COCL Documentation and Further Quotations

  1. COCL Report Q2 2021:
    1. “ issues remain regarding the Force Inspector’s identification of outliers in the force data (p.9)“
    2. “Additionally, the reviews conducted by the Force Inspector identified PPB members who were outliers with regards to force but for most of these officers, a supervisor review was not documented in EIS (p.9)”
    3. “Additionally, PPB could not comply with Par. 117 which requires PPB to identify problematic use of force trends at the supervisor and team level. Two issues lead us to find PPB out of compliance with the requirements of Par. 117 (p.10).”
    4. “ Most members identified by the Force Inspector as being outliers in their use of force did not have any supervisor review documented in the EIS despite the manual alert.
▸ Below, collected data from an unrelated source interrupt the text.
lemma sym_measure_eq_sym_distr:
  assumes P: "prob_space P" "sets P = sets M"
  shows "sym_measure M \<mu> T P = sym_distr P"
  unfolding sym_measure_def
proof (rule the_equality)
  show "prob_space (sym_distr P) \<and> sets (sym_distr P) = sets M \<and>
      (\<forall>g\<in>bounded_measurable M. (\<integral>x. g x \<partial>sym_distr P) = (\<integral>x. sym_fun \<mu> T g x \<partial>P))"
    using prob_space_sym_distr[OF P] integral_sym_distr[OF P] by simp
next
  fix R assume R: "prob_space R \<and> sets R = sets M \<and>
      (\<forall>g\<in>bounded_measurable M. (\<integral>x. g x \<partial>R) = (\<integral>x. sym_fun \<mu> T g x \<partial>P))"
  interpret R: prob_space R using R by simp
  interpret S: prob_space "sym_distr P" using prob_space_sym_distr[OF P] .
  show "R = sym_distr P"
  proof (rule measure_eqI)
    show sets: "sets R = sets (sym_distr P)" using R by simp
    fix A assume A: "A \<in> sets R"
    then have ind: "indicator A \<in> bounded_measurable M"
      using R unfolding bounded_measurable_def by (auto intro!: exI[of _ 1] simp: indicator_def)
    have "measure R A = (\<integral>x. indicator A x \<partial>R)"
      using A by (simp add: R.emeasure_finite)
    also have "\<dots> = (\<integral>x. sym_fun \<mu> T (indicator A) x \<partial>P)"
      using R ind by blast
    also have "\<dots> = (\<integral>x. indicator A x \<partial>sym_distr P)"
      by (rule integral_sym_distr[OF P ind, symmetric])
    also have "\<dots> = measure (sym_distr P) A"
      using A sets by (simp add: S.emeasure_finite)
    finally have "measure R A = measure (sym_distr P) A" .
    then show "emeasure R A = emeasure (sym_distr P) A"
      by (simp add: R.emeasure_eq_measure S.emeasure_eq_measure)
  qed
qed

lemma sym_fun_action:
  assumes g: "g \<in> borel_measurable M" and x: "x \<in> space M"
  shows "sym_fun \<mu> T g (T s x) = sym_fun \<mu> T g x"
proof -
  have "(\<lambda>\<sigma>. \<sigma> + s) \<in> measurable \<mu> \<mu>"
    unfolding measurable_cong_sets[OF sets_haar sets_haar] by (intro borel_measurable_continuous_onI continuous_intros)
  moreover have "(\<lambda>\<sigma>. g (T \<sigma> x)) \<in> borel_measurable \<mu>"
    using measurable_compose[OF measurable_action_orbit[OF x] g] by (simp add: comp_def)
  ultimately have "(\<integral>\<sigma>. g (T (\<sigma> + s) x) \<partial>\<mu>) = (\<integral>\<sigma>. g (T \<sigma> x) \<partial>distr \<mu> \<mu> (\<lambda>\<sigma>. \<sigma> + s))"
    by (rule integral_distr[symmetric])
  then show ?thesis
    unfolding sym_fun_def distr_haar_add_right using x by (simp add: action_add)
qed

lemma invariant_sym_fun:
  assumes "g \<in> borel_measurable M" "\<And>x. x \<in> space M \<Longrightarrow> h x = sym_fun \<mu> T g x"
  shows "invariant h"
  using assms sym_fun_action action_in_space unfolding invariant_def by simp

lemma sym_fun_invariant:
  assumes "invariant g" "x \<in> space M"
  shows "sym_fun \<mu> T g x = g x"
  using assms unfolding sym_fun_def invariant_def by (simp add: haar.prob_space)

lemma nn_integral_sym_distr_invariant:
  assumes P: "prob_space P" "sets P = sets M"
    and h: "h \<in> borel_measurable M" "invariant h"
  shows "(\<integral>\<^sup>+y. h y \<partial>sym_distr P) = (\<integral>\<^sup>+x. h x \<partial>P)"
  unfolding nn_integral_sym_distr[OF P h(1)] using h(2) sets_eq_imp_space_eq[OF P(2)]
  by (intro nn_integral_cong) (simp add: invariant_def haar.emeasure_space_1)

lemma ereal_expect_sym_distr_invariant:
  assumes P: "prob_space P" "sets P = sets M"
    and u: "u \<in> borel_measurable M" "invariant u"
  shows "ereal_expect (sym_distr P) u = ereal_expect P u"
proof -
  have "invariant (\<lambda>x. e2ennreal (u x))" "invariant (\<lambda>x. e2ennreal (- u x))"
    using u(2) unfolding invariant_def by simp_all
  moreover have "(\<lambda>x. e2ennreal (u x)) \<in> borel_measurable M" "(\<lambda>x. e2ennreal (- u x)) \<in> borel_measurable M"
    using u(1) by measurable
  ultimately show ?thesis
    unfolding ereal_expect_def by (simp add: nn_integral_sym_distr_invariant[OF P])
qed

lemma integral_sym_distr_eq_sym_fun:
  assumes P: "prob_space P" "sets P = sets M" and g: "g \<in> bounded_measurable M"
    and h: "\<And>x. x \<in> space M \<Longrightarrow> h x = sym_fun \<mu> T g x"
  shows "(\<integral>x. g x \<partial>sym_distr P) = (\<integral>x. h x \<partial>P)"
  unfolding integral_sym_distr[OF P g] using h sets_eq_imp_space_eq[OF P(2)]
  by (intro Bochner_Integration.integral_cong) simp_all

lemma integral_sym_distr_invariant:
  assumes P: "prob_space P" "sets P = sets M" and g: "g \<in> bounded_measurable M" "invariant g"
  shows "(\<integral>x. g x \<partial>sym_distr P) = (\<integral>x. g x \<partial>P)"
  using integral_sym_distr_eq_sym_fun[OF P g(1)] sym_fun_invariant[OF g(2)] by simp

lemma legendre_sym_fun_le_orbit_integral:
  assumes g: "g \<in> bounded_measurable M" and x: "x \<in> space M"
  shows "e2ennreal (legendre f (sym_fun \<mu> T g x - \<nu>) + ereal c)
    \<le> (\<integral>\<^sup>+s. e2ennreal (legendre f (g (T s x) - \<nu>) + ereal c) \<partial>\<mu>)"
proof -
  obtain C where gm: "g \<in> borel_measurable M" and C: "\<And>x. x \<in> space M \<Longrightarrow> \<bar>g x\<bar> \<le> C"
    using g unfolding bounded_measurable_def by auto
  have "(\<lambda>s. g (T s x)) \<in> borel_measurable \<mu>"
    using measurable_compose[OF measurable_action_orbit[OF x] gm] by (simp add: comp_def)
  then have ig: "integrable \<mu> (\<lambda>s. g (T s x))"
    using C action_in_space[OF x] by (intro haar.integrable_const_bound[where B=C]) auto
  then have "integrable \<mu> (\<lambda>s. g (T s x) - \<nu>)"
    by (intro Bochner_Integration.integrable_diff) auto
  moreover have "(\<integral>s. g (T s x) - \<nu> \<partial>\<mu>) = sym_fun \<mu> T g x - \<nu>"
    using ig by (simp add: sym_fun_def haar.prob_space Bochner_Integration.integral_diff)
  ultimately show ?thesis
    using legendre_integral_le[OF haar.prob_space_axioms, of "\<lambda>s. g (T s x) - \<nu>" f c]
    by (metis e2ennreal_enn2ereal e2ennreal_mono)
qed

lemma ereal_expect_legendre_sym_fun_le:
  assumes P: "prob_space P" "sets P = sets M" and g: "g \<in> bounded_measurable M"
    and h: "h \<in> borel_measurable M" "\<And>x. x \<in> space M \<Longrightarrow> h x = sym_fun \<mu> T g x"
  shows "ereal_expect P (\<lambda>x. legendre f (h x - \<nu>))
    \<le> ereal_expect (sym_distr P) (\<lambda>x. legendre f (g x - \<nu>))"
proof -
  define L where "L y = e2ennreal (legendre f (g y - \<nu>) + ereal \<bar>f 0\<bar>)" for y
  have gm: "g \<in> borel_measurable M"
    using g unfolding bounded_measurable_def by simp
  have "(\<integral>\<^sup>+x. e2ennreal (legendre f (h x - \<nu>) + ereal \<bar>f 0\<bar>) \<partial>P) \<le> (\<integral>\<^sup>+x. (\<integral>\<^sup>+s. L (T s x) \<partial>\<mu>) \<partial>P)"
    using legendre_sym_fun_le_orbit_integral[OF g] h(2) sets_eq_imp_space_eq[OF P(2)]
    unfolding L_def by (intro nn_integral_mono) simp
  also have "\<dots> = (\<integral>\<^sup>+y. L y \<partial>sym_distr P)"
    using gm unfolding L_def by (intro nn_integral_sym_distr[OF P, symmetric]) simp
  finally have le: "(\<integral>\<^sup>+x. e2ennreal (legendre f (h x - \<nu>) + ereal \<bar>f 0\<bar>) \<partial>P)
      \<le> (\<integral>\<^sup>+y. L y \<partial>sym_distr P)" .
  have "(\<lambda>x. h x - \<nu>) \<in> borel_measurable P"
    unfolding measurable_cong_sets[OF P(2) refl] using h(1) by simp
  moreover have "(\<lambda>x. g x - \<nu>) \<in> borel_measurable (sym_distr P)"
    unfolding measurable_cong_sets[OF sets_sym_distr refl] using gm by simp
  ultimately show ?thesis
    using le P(1) prob_space_sym_distr[OF P] unfolding L_def
    by (simp add: ereal_expect_legendre ereal_minus_mono less_eq_ennreal.rep_eq)
qed

lemma f_div_objective_sym_distr_invariant:
  assumes P: "prob_space P" "sets P = sets M" and Q: "prob_space Q" "sets Q = sets M"
    and g: "g \<in> bounded_measurable M" "invariant g"
  shows "f_div_objective f (sym_distr Q) (sym_distr P) g = f_div_objective f Q P g"
proof -
  have "ereal_expect (sym_distr P) (\<lambda>x. legendre f (g x - \<nu>)) = ereal_expect P (\<lambda>x. legendre f (g x - \<nu>))"
    for \<nu>
  proof (rule ereal_expect_sym_distr_invariant[OF P])
    show "(\<lambda>x. legendre f (g x - \<nu>)) \<in> borel_measurable M"
      using g(1) unfolding bounded_measurable_def
      by (auto intro: measurable_compose[OF _ borel_measurable_legendre])
  qed (use g(2) in \<open>simp add: invariant_def\<close>)
  then show ?thesis
    unfolding f_div_objective_def integral_sym_distr_invariant[OF Q g] by simp
qed

lemma f_div_objective_sym_distr_le:
  assumes P: "prob_space P" "sets P = sets M" and Q: "prob_space Q" "sets Q = sets M"
    and g: "g \<in> bounded_measurable M"
    and h: "h \<in> bounded_measurable M" "\<And>x. x \<in> space M \<Longrightarrow> h x = sym_fun \<mu> T g x"
  shows "f_div_objective f (sym_distr Q) (sym_distr P) g \<le> f_div_objective f Q P h"
proof -
  have "(INF \<nu>. ereal \<nu> + ereal_expect P (\<lambda>x. legendre f (h x - \<nu>)))
      \<le> (INF \<nu>. ereal \<nu> + ereal_expect (sym_distr P) (\<lambda>x. legendre f (g x - \<nu>)))"
    using h(1) ereal_expect_legendre_sym_fun_le[OF P g _ h(2)] unfolding bounded_measurable_def
    by (intro INF_mono) (auto intro: add_left_mono)
  then show ?thesis
    unfolding f_div_objective_def using integral_sym_distr_eq_sym_fun[OF Q g h(2)]
    by (intro ereal_minus_mono) simp_all
qed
This issue also remained in the second quarter of 2021 as we were only able to find one EIS response from supervisors for these manual alerts. For instance, during the quarter, one officer had four arrests, four uses of force, and an average of 3.5 applications per force event. Despite being flagged by the Inspector, there is no corresponding EIS entry by the supervisor indicating a review of the officer. Furthermore, the same exculpatory language from the Force Inspector that we raised in our last report continued during this quarter. For all supervisors flagged, the Inspector stated, “Sergeants do not normally respond to calls for service, so it is not uncommon for them to have high [force rates], as they generally do not use force in their day to day duties.” For other flagged members, the Inspector outright stated, “I do not find anything of concern.” The determination of whether a concern exists should be made at the supervisor level and we maintain our position that the Force Inspector should make sure that the language of the alert does not bias the decision to further review the identified member (p.49)”
  2. COCL Report Q3 2021:
    1. “The first reason is that the force data feeding into the EIS algorithm was fundamentally flawed, an issue that remains potential for future events and which we discuss further in Section III of this report. Once PPB conducts a comprehensive review and implements remedial actions, we believe this issue will be resolved and will no longer impact compliance. The second reason was that most members identified by the Force Inspector as being outliers in their use of force did not have any supervisor review documented in the EIS despite the manual alert. This continued to remain in the third quarter of 2021. There continued to be a lack of information about what happened to these officers after the notification as the RU Manager responses did not contain any information about possible interventions that were implemented as a result of manual alerts. For instance, one officer had eleven FDCRs in the second quarter13 while having 35 arrests, resulting in a force-to-arrest ratio of 31.4%. Additionally, the PPB’s quarterly force summary report indicates a total of 475 uses of force Bureau-wide for the second quarter, meaning one officer was responsible for 2.3% of the entire Bureau’s uses of force for the quarter. Despite this, the Force Inspector appeared to dismiss the risk, stating, “I have examined [Officer’s] force numbers going back to Q2 2020 and have found nothing to indicate this is a trend and I do not have concerns regarding [their] use of force at this time…This type of exculpatory language continues to be an issue and negates the very purpose of an EIS system. An officer who does not appear to have a history of high force rates but is suddenly responsible for 2.3% of the entire Bureau’s use of force is exactly the type of situation that warrants closer review to determine if personal or work stressors are leading to potentially problematic behavior. However, the reviewing RU Manager was informed by the Force Inspector that there is no need for concern and the RU Manager did not address the issue in the response back to the Force Inspector (indicating no action was taken with the officer).(p.48)”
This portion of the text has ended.